§ Problem statement: In the records below, begin at the line that has "compact set \<open>X\<close>" and stop after the line that has "- p))) has_derivative"; quote those lines verbatim and nothing more.

Stored data entries
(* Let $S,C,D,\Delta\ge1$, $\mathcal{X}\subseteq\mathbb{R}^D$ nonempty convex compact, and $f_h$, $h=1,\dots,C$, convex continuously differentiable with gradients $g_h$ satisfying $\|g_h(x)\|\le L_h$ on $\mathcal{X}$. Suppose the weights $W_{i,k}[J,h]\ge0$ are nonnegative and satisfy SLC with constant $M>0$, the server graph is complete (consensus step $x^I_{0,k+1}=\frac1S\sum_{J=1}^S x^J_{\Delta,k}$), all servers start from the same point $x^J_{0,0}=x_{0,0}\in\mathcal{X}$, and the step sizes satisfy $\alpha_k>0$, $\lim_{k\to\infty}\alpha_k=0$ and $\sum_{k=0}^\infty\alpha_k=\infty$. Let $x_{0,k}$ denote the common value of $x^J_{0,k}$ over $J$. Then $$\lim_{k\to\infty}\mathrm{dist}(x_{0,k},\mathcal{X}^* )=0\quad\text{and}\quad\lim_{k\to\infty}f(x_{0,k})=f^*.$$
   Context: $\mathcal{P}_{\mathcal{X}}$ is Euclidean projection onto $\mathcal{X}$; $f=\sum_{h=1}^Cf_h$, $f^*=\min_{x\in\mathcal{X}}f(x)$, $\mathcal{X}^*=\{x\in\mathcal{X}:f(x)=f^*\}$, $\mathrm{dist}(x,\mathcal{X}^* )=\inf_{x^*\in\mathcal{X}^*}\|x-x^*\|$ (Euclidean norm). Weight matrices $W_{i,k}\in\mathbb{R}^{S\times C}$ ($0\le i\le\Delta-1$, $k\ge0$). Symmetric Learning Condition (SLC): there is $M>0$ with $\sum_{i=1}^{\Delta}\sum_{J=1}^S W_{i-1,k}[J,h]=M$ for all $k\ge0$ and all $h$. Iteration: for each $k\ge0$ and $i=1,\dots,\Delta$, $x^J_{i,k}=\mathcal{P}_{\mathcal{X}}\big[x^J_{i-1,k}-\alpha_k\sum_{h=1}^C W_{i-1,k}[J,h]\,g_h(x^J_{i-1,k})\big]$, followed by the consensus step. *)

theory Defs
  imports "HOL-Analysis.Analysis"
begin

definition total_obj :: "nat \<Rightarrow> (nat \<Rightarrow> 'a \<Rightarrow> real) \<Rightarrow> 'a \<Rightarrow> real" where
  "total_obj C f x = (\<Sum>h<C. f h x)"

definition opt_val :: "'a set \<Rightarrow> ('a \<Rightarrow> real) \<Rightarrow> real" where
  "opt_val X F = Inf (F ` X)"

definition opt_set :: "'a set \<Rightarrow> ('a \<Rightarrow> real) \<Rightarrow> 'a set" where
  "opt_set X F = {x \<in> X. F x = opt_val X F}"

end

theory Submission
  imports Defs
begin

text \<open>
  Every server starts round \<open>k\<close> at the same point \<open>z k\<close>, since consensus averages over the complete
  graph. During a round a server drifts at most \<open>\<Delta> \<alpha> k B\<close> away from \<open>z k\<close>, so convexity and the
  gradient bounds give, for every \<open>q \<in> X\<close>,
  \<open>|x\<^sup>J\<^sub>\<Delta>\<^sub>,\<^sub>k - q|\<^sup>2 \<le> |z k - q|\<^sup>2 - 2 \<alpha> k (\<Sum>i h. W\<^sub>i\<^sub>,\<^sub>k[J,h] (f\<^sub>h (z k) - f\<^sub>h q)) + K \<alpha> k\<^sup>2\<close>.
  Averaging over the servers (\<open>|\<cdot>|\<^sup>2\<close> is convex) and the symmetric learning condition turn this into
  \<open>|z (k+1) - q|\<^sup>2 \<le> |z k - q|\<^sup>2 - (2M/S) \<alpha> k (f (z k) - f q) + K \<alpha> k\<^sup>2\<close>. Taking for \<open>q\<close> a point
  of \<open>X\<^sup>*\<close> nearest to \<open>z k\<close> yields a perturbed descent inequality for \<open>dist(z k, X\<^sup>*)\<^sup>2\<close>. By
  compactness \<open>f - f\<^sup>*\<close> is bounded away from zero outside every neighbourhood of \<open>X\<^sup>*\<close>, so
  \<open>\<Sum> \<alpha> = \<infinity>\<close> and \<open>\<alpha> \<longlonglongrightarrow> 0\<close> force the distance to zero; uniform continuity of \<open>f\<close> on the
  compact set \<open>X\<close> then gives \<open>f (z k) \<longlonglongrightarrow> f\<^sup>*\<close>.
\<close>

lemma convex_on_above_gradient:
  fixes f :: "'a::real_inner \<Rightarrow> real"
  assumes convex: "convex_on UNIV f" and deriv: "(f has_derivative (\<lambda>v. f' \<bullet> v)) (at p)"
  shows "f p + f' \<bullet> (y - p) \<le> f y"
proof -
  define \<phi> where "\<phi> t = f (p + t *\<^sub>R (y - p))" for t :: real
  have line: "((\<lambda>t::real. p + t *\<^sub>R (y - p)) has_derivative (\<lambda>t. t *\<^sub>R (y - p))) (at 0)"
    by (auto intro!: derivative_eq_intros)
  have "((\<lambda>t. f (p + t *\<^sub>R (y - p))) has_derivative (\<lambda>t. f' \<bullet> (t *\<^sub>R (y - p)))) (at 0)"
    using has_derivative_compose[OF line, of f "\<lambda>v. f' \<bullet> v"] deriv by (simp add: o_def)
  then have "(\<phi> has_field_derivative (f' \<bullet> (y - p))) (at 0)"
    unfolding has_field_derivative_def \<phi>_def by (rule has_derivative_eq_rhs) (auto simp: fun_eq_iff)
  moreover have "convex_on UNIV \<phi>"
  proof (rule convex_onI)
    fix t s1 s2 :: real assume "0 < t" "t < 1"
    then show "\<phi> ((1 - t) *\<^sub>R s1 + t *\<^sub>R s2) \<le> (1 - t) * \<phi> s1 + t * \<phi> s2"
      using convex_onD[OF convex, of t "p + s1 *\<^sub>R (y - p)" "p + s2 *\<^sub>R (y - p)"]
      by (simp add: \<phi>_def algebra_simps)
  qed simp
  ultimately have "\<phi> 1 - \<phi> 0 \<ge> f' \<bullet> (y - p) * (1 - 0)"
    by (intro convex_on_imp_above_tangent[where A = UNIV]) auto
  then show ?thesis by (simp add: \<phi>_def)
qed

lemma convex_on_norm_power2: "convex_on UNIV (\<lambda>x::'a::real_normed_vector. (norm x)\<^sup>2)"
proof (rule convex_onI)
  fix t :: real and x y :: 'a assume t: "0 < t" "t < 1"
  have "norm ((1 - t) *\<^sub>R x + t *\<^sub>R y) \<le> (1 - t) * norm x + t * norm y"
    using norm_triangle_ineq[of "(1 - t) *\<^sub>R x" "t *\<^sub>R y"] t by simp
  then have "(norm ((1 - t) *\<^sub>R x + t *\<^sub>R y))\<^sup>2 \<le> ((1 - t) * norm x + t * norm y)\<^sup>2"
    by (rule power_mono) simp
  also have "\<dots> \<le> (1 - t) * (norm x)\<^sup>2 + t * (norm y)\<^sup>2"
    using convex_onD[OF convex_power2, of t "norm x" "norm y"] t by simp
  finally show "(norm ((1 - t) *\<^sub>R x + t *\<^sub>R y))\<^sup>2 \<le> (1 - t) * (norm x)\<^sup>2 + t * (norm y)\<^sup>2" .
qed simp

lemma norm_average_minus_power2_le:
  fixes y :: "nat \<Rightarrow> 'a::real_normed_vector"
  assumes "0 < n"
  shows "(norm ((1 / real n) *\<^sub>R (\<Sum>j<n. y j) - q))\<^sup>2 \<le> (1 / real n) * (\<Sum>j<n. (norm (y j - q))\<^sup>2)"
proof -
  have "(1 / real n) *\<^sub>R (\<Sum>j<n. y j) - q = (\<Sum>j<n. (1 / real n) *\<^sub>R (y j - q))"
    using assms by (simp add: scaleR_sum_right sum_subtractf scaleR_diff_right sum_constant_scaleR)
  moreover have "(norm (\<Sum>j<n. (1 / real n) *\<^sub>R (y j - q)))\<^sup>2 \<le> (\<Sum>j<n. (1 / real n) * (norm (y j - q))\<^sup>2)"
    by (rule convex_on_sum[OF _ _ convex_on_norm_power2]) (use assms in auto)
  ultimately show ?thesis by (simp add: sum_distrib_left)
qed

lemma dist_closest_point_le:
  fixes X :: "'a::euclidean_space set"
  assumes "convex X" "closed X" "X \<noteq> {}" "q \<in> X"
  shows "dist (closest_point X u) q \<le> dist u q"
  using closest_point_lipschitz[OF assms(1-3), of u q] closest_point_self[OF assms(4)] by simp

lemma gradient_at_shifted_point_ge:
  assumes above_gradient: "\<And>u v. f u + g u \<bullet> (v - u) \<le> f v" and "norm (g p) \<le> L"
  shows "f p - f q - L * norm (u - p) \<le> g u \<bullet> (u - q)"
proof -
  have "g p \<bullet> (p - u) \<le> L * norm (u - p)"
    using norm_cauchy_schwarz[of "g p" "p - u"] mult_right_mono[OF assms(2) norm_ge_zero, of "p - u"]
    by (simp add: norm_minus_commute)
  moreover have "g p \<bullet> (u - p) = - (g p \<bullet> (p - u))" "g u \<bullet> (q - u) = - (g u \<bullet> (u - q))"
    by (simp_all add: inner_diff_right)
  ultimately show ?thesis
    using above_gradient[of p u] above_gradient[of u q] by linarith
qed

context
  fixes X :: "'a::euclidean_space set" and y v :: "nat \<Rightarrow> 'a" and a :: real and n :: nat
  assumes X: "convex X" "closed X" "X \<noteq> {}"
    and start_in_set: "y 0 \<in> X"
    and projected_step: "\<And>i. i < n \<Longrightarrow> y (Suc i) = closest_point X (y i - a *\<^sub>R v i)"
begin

§ Task output:
  compact set \<open>X\<close> then gives \<open>f (z k) \<longlonglongrightarrow> f\<^sup>*\<close>.
\<close>

lemma convex_on_above_gradient:
  fixes f :: "'a::real_inner \<Rightarrow> real"
  assumes convex: "convex_on UNIV f" and deriv: "(f has_derivative (\<lambda>v. f' \<bullet> v)) (at p)"
  shows "f p + f' \<bullet> (y - p) \<le> f y"
proof -
  define \<phi> where "\<phi> t = f (p + t *\<^sub>R (y - p))" for t :: real
  have line: "((\<lambda>t::real. p + t *\<^sub>R (y - p)) has_derivative (\<lambda>t. t *\<^sub>R (y - p))) (at 0)"
    by (auto intro!: derivative_eq_intros)
  have "((\<lambda>t. f (p + t *\<^sub>R (y - p))) has_derivative (\<lambda>t. f' \<bullet> (t *\<^sub>R (y - p)))) (at 0)"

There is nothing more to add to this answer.